Later a supervisor comes round. The supervisors have been told by the union to stay on duty, for humanitarian reasons.

“If it was up to me I’d be out with the rest!” he tells you fiercely. He sees you are washing the dixies. “You doin’ the pantry work here?”

“Just the necessaries,” you say.

“Dishin’ up meals?”

“That’s right.”

“A lotta people are feelin’ pretty savage about anyone who helps undermine this strike action.”

“I imagine so,” you say. You aren’t sure whether you are being threatened. This supervisor was already steamed-up when he came in, perhaps from the strain of his humanitarian role, and may just be cranky.

“And you’re just doin’ the necessaries?”

“That’s all.”

“Mmmm,” he grunts, then walks around the pantry, examining it. He’s looking at the floor to see if it’s been mopped lately. Con Pappas starts to come in the other door with mop and bucket. You motion him away.

“Alright then,” grunts the supervisor. He goes out.

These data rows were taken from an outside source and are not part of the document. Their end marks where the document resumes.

theorem lemma57:
  fixes k D :: nat and f :: "real \<Rightarrow> real" and x :: real
  assumes "k \<ge> 2" and "D \<ge> 2"
    and "f = (\<lambda>z. (1 - z ^ (k - 1)) ^ (D - 1) / (1 + (1 - z ^ (k - 1)) ^ (D - 1)))"
    and "x \<in> {0..1}" and "f x = x"
    and "\<forall>y\<in>{0..1}. f y = y \<longrightarrow> y = x"
  shows "(\<bar>deriv f x\<bar> < 1 \<longrightarrow> has_uniqueness k D)
       \<and> (\<bar>deriv f x\<bar> > 1 \<longrightarrow> \<not> has_uniqueness k D)"
proof -
  have f: "f = tree_rec k D"
    using assms(3) by (simp add: tree_rec_def[abs_def])
  have x: "0 \<le> x" "x \<le> 1" "tree_rec k D x = x"
    using assms(4,5) f by auto
  have unique: "\<forall>y\<in>{0..1}. tree_rec k D y = y \<longrightarrow> y = x"
    using assms(6) f by simp
  obtain Dv where Dv: "(tree_rec k D has_real_derivative Dv) (at x)"
    using tree_rec_differentiable[OF x(1,2)] .
  have "deriv f x = Dv"
    unfolding f by (rule DERIV_imp_deriv[OF Dv])
  then show ?thesis
    using has_uniqueness_if_attracting[OF assms(1,2) x unique Dv]
      not_has_uniqueness_if_repelling[OF assms(1,2) x unique Dv] by simp
qed

end
(* Let $(A,\cdot,[-,-],\varepsilon)$ be a Leibniz-Poisson color algebra. Then $(A,\cdot,\{-,-,-\},\varepsilon)$ is a ternary Leibniz-Poisson color algebra, where $\{x,y,z\}:=[x,y\cdot z]$ for all $x,y,z\in\mathcal{H}(A)$.
   Context: $G$ is an abelian group, $\mathbb{K}$ a field of characteristic $\neq 2$, $\mathcal{H}(V)$ the homogeneous elements of a $G$-graded space $V$; even maps preserve degree. A skew-symmetric bicharacter $\varepsilon:G\times G\to\mathbb{K}^*$ satisfies $\varepsilon(a,b)\varepsilon(b,a)=1$, $\varepsilon(a,b+c)=\varepsilon(a,b)\varepsilon(a,c)$, $\varepsilon(a+b,c)=\varepsilon(a,c)\varepsilon(b,c)$; $\varepsilon(x,y)$ means $\varepsilon$ of the degrees. A Leibniz-Poisson color algebra $(P,\cdot,[-,-],\varepsilon)$ is a $G$-graded space with even bilinear maps $\cdot$ and $[-,-]$ such that $(P,\cdot)$ is associative, $[[x,y],z]=[x,[y,z]]+\varepsilon(y,z)[[x,z],y]$, and $[x\cdot y,z]=x\cdot[y,z]+\varepsilon(y,z)[x,z]\cdot y$ for all homogeneous $x,y,z$. A ternary Leibniz-Poisson color algebra $(A,\cdot,[-,-,-],\varepsilon)$ is a $G$-graded space with an even associative product $\cdot$ and an even trilinear $[-,-,-]$ such that $[[x,y,z],t,u]=[x,y,[z,t,u]]+\varepsilon(z,t+u)[x,[y,t,u],z]+\varepsilon(y+z,t+u)[[x,t,u],y,z]$ and $[x\cdot y,z,t]=x\cdot[y,z,t]+\varepsilon(y,z+t)[x,z,t]\cdot y$ for all homogeneous $x,y,z,t,u$. *)

theory Defs
  imports Complex_Main
begin

text \<open>A G-graded vector space over the field 'k: the carrier is the type 'v with scalar
multiplication sc, and Vg g is the homogeneous component of degree g.\<close>

definition graded_space ::
  "('k::field \<Rightarrow> 'v::ab_group_add \<Rightarrow> 'v) \<Rightarrow> ('g::ab_group_add \<Rightarrow> 'v set) \<Rightarrow> bool" where
  "graded_space sc Vg \<longleftrightarrow>
     vector_space sc \<and>
     (\<forall>g. 0 \<in> Vg g \<and> (\<forall>x\<in>Vg g. \<forall>y\<in>Vg g. x + y \<in> Vg g) \<and> (\<forall>c. \<forall>x\<in>Vg g. sc c x \<in> Vg g)) \<and>
     (\<forall>v. \<exists>!f. finite {g. f g \<noteq> 0} \<and> (\<forall>g. f g \<in> Vg g) \<and> v = sum f {g. f g \<noteq> 0})"

definition skew_bichar :: "('g::ab_group_add \<Rightarrow> 'g \<Rightarrow> 'k::field) \<Rightarrow> bool" where
  "skew_bichar eps \<longleftrightarrow>
     (\<forall>a b. eps a b \<noteq> 0) \<and>
     (\<forall>a b. eps a b * eps b a = 1) \<and>
     (\<forall>a b c. eps a (b + c) = eps a b * eps a c) \<and>
     (\<forall>a b c. eps (a + b) c = eps a c * eps b c)"

definition bilin :: "('k::field \<Rightarrow> 'v::ab_group_add \<Rightarrow> 'v) \<Rightarrow> ('v \<Rightarrow> 'v \<Rightarrow> 'v) \<Rightarrow> bool" where
  "bilin sc m \<longleftrightarrow>
     (\<forall>x. Vector_Spaces.linear sc sc (m x)) \<and> (\<forall>y. Vector_Spaces.linear sc sc (\<lambda>x. m x y))"

definition trilin ::
  "('k::field \<Rightarrow> 'v::ab_group_add \<Rightarrow> 'v) \<Rightarrow> ('v \<Rightarrow> 'v \<Rightarrow> 'v \<Rightarrow> 'v) \<Rightarrow> bool" where
  "trilin sc t \<longleftrightarrow>
     (\<forall>y z. Vector_Spaces.linear sc sc (\<lambda>x. t x y z)) \<and>
     (\<forall>x z. Vector_Spaces.linear sc sc (\<lambda>y. t x y z)) \<and>
     (\<forall>x y. Vector_Spaces.linear sc sc (\<lambda>z. t x y z))"

definition even2 :: "('g::ab_group_add \<Rightarrow> 'v set) \<Rightarrow> ('v \<Rightarrow> 'v \<Rightarrow> 'v) \<Rightarrow> bool" where
  "even2 Vg m \<longleftrightarrow> (\<forall>a b x y. x \<in> Vg a \<longrightarrow> y \<in> Vg b \<longrightarrow> m x y \<in> Vg (a + b))"

definition even3 :: "('g::ab_group_add \<Rightarrow> 'v set) \<Rightarrow> ('v \<Rightarrow> 'v \<Rightarrow> 'v \<Rightarrow> 'v) \<Rightarrow> bool" where
  "even3 Vg t \<longleftrightarrow>
     (\<forall>a b c x y z. x \<in> Vg a \<longrightarrow> y \<in> Vg b \<longrightarrow> z \<in> Vg c \<longrightarrow> t x y z \<in> Vg (a + b + c))"

definition LP_color_algebra ::
  "('k::field \<Rightarrow> 'v::ab_group_add \<Rightarrow> 'v) \<Rightarrow> ('g::ab_group_add \<Rightarrow> 'v set) \<Rightarrow>
   ('v \<Rightarrow> 'v \<Rightarrow> 'v) \<Rightarrow> ('v \<Rightarrow> 'v \<Rightarrow> 'v) \<Rightarrow> ('g \<Rightarrow> 'g \<Rightarrow> 'k) \<Rightarrow> bool" where
  "LP_color_algebra sc Vg mul br eps \<longleftrightarrow>
     graded_space sc Vg \<and> skew_bichar eps \<and>
     bilin sc mul \<and> even2 Vg mul \<and> bilin sc br \<and> even2 Vg br \<and>
     (\<forall>a b c x y z. x \<in> Vg a \<longrightarrow> y \<in> Vg b \<longrightarrow> z \<in> Vg c \<longrightarrow>
        mul (mul x y) z = mul x (mul y z) \<and>
        br (br x y) z = br x (br y z) + sc (eps b c) (br (br x z) y) \<and>
        br (mul x y) z = mul x (br y z) + sc (eps b c) (mul (br x z) y))"

definition ternary_LP_color_algebra ::
  "('k::field \<Rightarrow> 'v::ab_group_add \<Rightarrow> 'v) \<Rightarrow> ('g::ab_group_add \<Rightarrow> 'v set) \<Rightarrow>
   ('v \<Rightarrow> 'v \<Rightarrow> 'v) \<Rightarrow> ('v \<Rightarrow> 'v \<Rightarrow> 'v \<Rightarrow> 'v) \<Rightarrow> ('g \<Rightarrow> 'g \<Rightarrow> 'k) \<Rightarrow> bool" where
  "ternary_LP_color_algebra sc Vg mul tb eps \<longleftrightarrow>
     graded_space sc Vg \<and> skew_bichar eps \<and>
     bilin sc mul \<and> even2 Vg mul \<and> trilin sc tb \<and> even3 Vg tb \<and>
     (\<forall>a b c x y z. x \<in> Vg a \<longrightarrow> y \<in> Vg b \<longrightarrow> z \<in> Vg c \<longrightarrow>
        mul (mul x y) z = mul x (mul y z)) \<and>
     (\<forall>a b c d e x y z t u. x \<in> Vg a \<longrightarrow> y \<in> Vg b \<longrightarrow> z \<in> Vg c \<longrightarrow> t \<in> Vg d \<longrightarrow> u \<in> Vg e \<longrightarrow>
        tb (tb x y z) t u = tb x y (tb z t u) + sc (eps c (d + e)) (tb x (tb y t u) z)
                            + sc (eps (b + c) (d + e)) (tb (tb x t u) y z)) \<and>
     (\<forall>a b c d x y z t. x \<in> Vg a \<longrightarrow> y \<in> Vg b \<longrightarrow> z \<in> Vg c \<longrightarrow> t \<in> Vg d \<longrightarrow>
        tb (mul x y) z t = mul x (tb y z t) + sc (eps b (c + d)) (mul (tb x z t) y))"

end

theory Submission
  imports Defs
begin

text \<open>Both ternary identities come from applying a binary identity with the product
\<open>t \<cdot> u\<close> (resp. \<open>z \<cdot> t\<close>) as a single homogeneous argument of degree \<open>d + e\<close>: the Leibniz
identity for \<open>[[x, y \<cdot> z], t \<cdot> u]\<close>, followed by the Poisson identity for \<open>[y \<cdot> z, t \<cdot> u]\<close>
inside the linear map \<open>[x, -]\<close>, gives the ternary Leibniz identity; the Poisson identity for
\<open>[x \<cdot> y, z \<cdot> t]\<close> is literally the ternary Poisson identity.\<close>

lemma trilin_bracket_mul:
  assumes "bilin sc br" and "bilin sc mul"
  shows "trilin sc (\<lambda>x y z. br x (mul y z))"
proof -
  have br: "Vector_Spaces.linear sc sc (br x)" "Vector_Spaces.linear sc sc (\<lambda>x. br x y)" for x y
    using assms(1) unfolding bilin_def by auto
  have mul: "Vector_Spaces.linear sc sc (mul x)" "Vector_Spaces.linear sc sc (\<lambda>x. mul x y)" for x y
    using assms(2) unfolding bilin_def by auto
  show ?thesis
    unfolding trilin_def
    using br(2) Vector_Spaces.linear_compose[OF mul(2) br(1)]
      Vector_Spaces.linear_compose[OF mul(1) br(1)]
    by (simp add: o_def)
qed

lemma even3_bracket_mul:
  assumes "even2 Vg br" and "even2 Vg mul"
  shows "even3 Vg (\<lambda>x y z. br x (mul y z))"
  using assms unfolding even2_def even3_def by (metis add.assoc)

lemma LP_color_algebra_mul_assoc:
  assumes "LP_color_algebra sc Vg mul br eps" "x \<in> Vg a" "y \<in> Vg b" "z \<in> Vg c"
  shows "mul (mul x y) z = mul x (mul y z)"
  using assms unfolding LP_color_algebra_def by blast

lemma LP_color_algebra_leibniz:
  assumes "LP_color_algebra sc Vg mul br eps" "x \<in> Vg a" "y \<in> Vg b" "z \<in> Vg c"
  shows "br (br x y) z = br x (br y z) + sc (eps b c) (br (br x z) y)"
  using assms unfolding LP_color_algebra_def by blast

lemma LP_color_algebra_poisson:
  assumes "LP_color_algebra sc Vg mul br eps" "x \<in> Vg a" "y \<in> Vg b" "z \<in> Vg c"
  shows "br (mul x y) z = mul x (br y z) + sc (eps b c) (mul (br x z) y)"
  using assms unfolding LP_color_algebra_def by blast

lemma LP_color_algebra_mul_homogeneous:
  assumes "LP_color_algebra sc Vg mul br eps" "x \<in> Vg a" "y \<in> Vg b"
  shows "mul x y \<in> Vg (a + b)"
  using assms unfolding LP_color_algebra_def even2_def by blast

lemma ternary_leibniz_bracket_mul:
  assumes LP: "LP_color_algebra sc Vg mul br eps"
    and x: "x \<in> Vg a" and y: "y \<in> Vg b" and z: "z \<in> Vg c" and t: "t \<in> Vg d" and u: "u \<in> Vg e"
  shows "br (br x (mul y z)) (mul t u) = br x (mul y (br z (mul t u)))
           + sc (eps c (d + e)) (br x (mul (br y (mul t u)) z))
           + sc (eps (b + c) (d + e)) (br (br x (mul t u)) (mul y z))"
proof -
  have tu: "mul t u \<in> Vg (d + e)" and yz: "mul y z \<in> Vg (b + c)"
    using LP_color_algebra_mul_homogeneous[OF LP] t u y z by auto
  have "Vector_Spaces.linear sc sc (br x)"
    using LP unfolding LP_color_algebra_def bilin_def by blast
  then have br_add: "br x (p + q) = br x p + br x q" and br_scale: "br x (sc k p) = sc k (br x p)"
    for p q k
    unfolding Vector_Spaces.linear_iff by blast+
  show ?thesis
    unfolding LP_color_algebra_leibniz[OF LP x yz tu] LP_color_algebra_poisson[OF LP y z tu]
      br_add br_scale
    by simp
qed

lemma ternary_poisson_bracket_mul:
  assumes LP: "LP_color_algebra sc Vg mul br eps"
    and "x \<in> Vg a" "y \<in> Vg b" "z \<in> Vg c" "t \<in> Vg d"
  shows "br (mul x y) (mul z t) = mul x (br y (mul z t)) + sc (eps b (c + d)) (mul (br x (mul z t)) y)"
  using assms LP_color_algebra_poisson[OF LP] LP_color_algebra_mul_homogeneous[OF LP] by blast

theorem mainTheorem18:
  fixes sc :: "'k::field \<Rightarrow> 'v::ab_group_add \<Rightarrow> 'v"
    and Vg :: "'g::ab_group_add \<Rightarrow> 'v set"
    and mul br :: "'v \<Rightarrow> 'v \<Rightarrow> 'v"
    and eps :: "'g \<Rightarrow> 'g \<Rightarrow> 'k"
  assumes "(2::'k) \<noteq> 0"
    and LP: "LP_color_algebra sc Vg mul br eps"
  shows "ternary_LP_color_algebra sc Vg mul (\<lambda>x y z. br x (mul y z)) eps"
proof -
  have components: "graded_space sc Vg" "skew_bichar eps" "bilin sc mul" "even2 Vg mul"
      "bilin sc br" "even2 Vg br"
    using LP unfolding LP_color_algebra_def by auto
  show ?thesis
    unfolding ternary_LP_color_algebra_def
    using components trilin_bracket_mul[OF components(5,3)] even3_bracket_mul[OF components(6,4)]
      LP_color_algebra_mul_assoc[OF LP] ternary_leibniz_bracket_mul[OF LP]
      ternary_poisson_bracket_mul[OF LP]
    by (intro conjI allI impI) (assumption | blast)+
qed

end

Nothing much happens in REHAB during the strike. Cecil collapses with an asthma attack and the “observer”—a different one—agrees to phone for a doctor. “The German” comes and attends to him. All the doctors are working long hours in the geriatric and retard wards. “The German” walks through the dayroom on her way out.

“Iss everyvun heppy?” she calls.

“Happy as fuckin’ Larry, Doc!” bawls Syd Hicks. Syd is getting frisky now without his Largactil. He’s wearing only a singlet and a sock.

“Ach, I tink you are
too
heppy, eh?”

“Friggin’ oath, Doc!”

“The German” wags a finger at him and goes out. It’s hard work just keeping the geriatrics alive, so Syd Hicks being too happy hardly matters.

Mr Trowbridge is keeping OT open. You go a couple of times but Mr Trowbridge tells you you might as well stay and look after your ward and keep the meals going. The union is talking about having a strike over Mr Trowbridge as soon as the strike over Dr Grey is finished.

It ends after four days and the screws and nurses and pantrymaids come back. You are curious to see whether they keep a bit quiet for a day or so, or even for a few hours. They don’t. If anything they are more swaggering than ever. Of course they’ve no reason not to be. The Apparatus is back in action.

And they’ve heard all about the episode of Christine’s lunch. Blue jokes with you about it. It’s okay. You and Blue understand each other.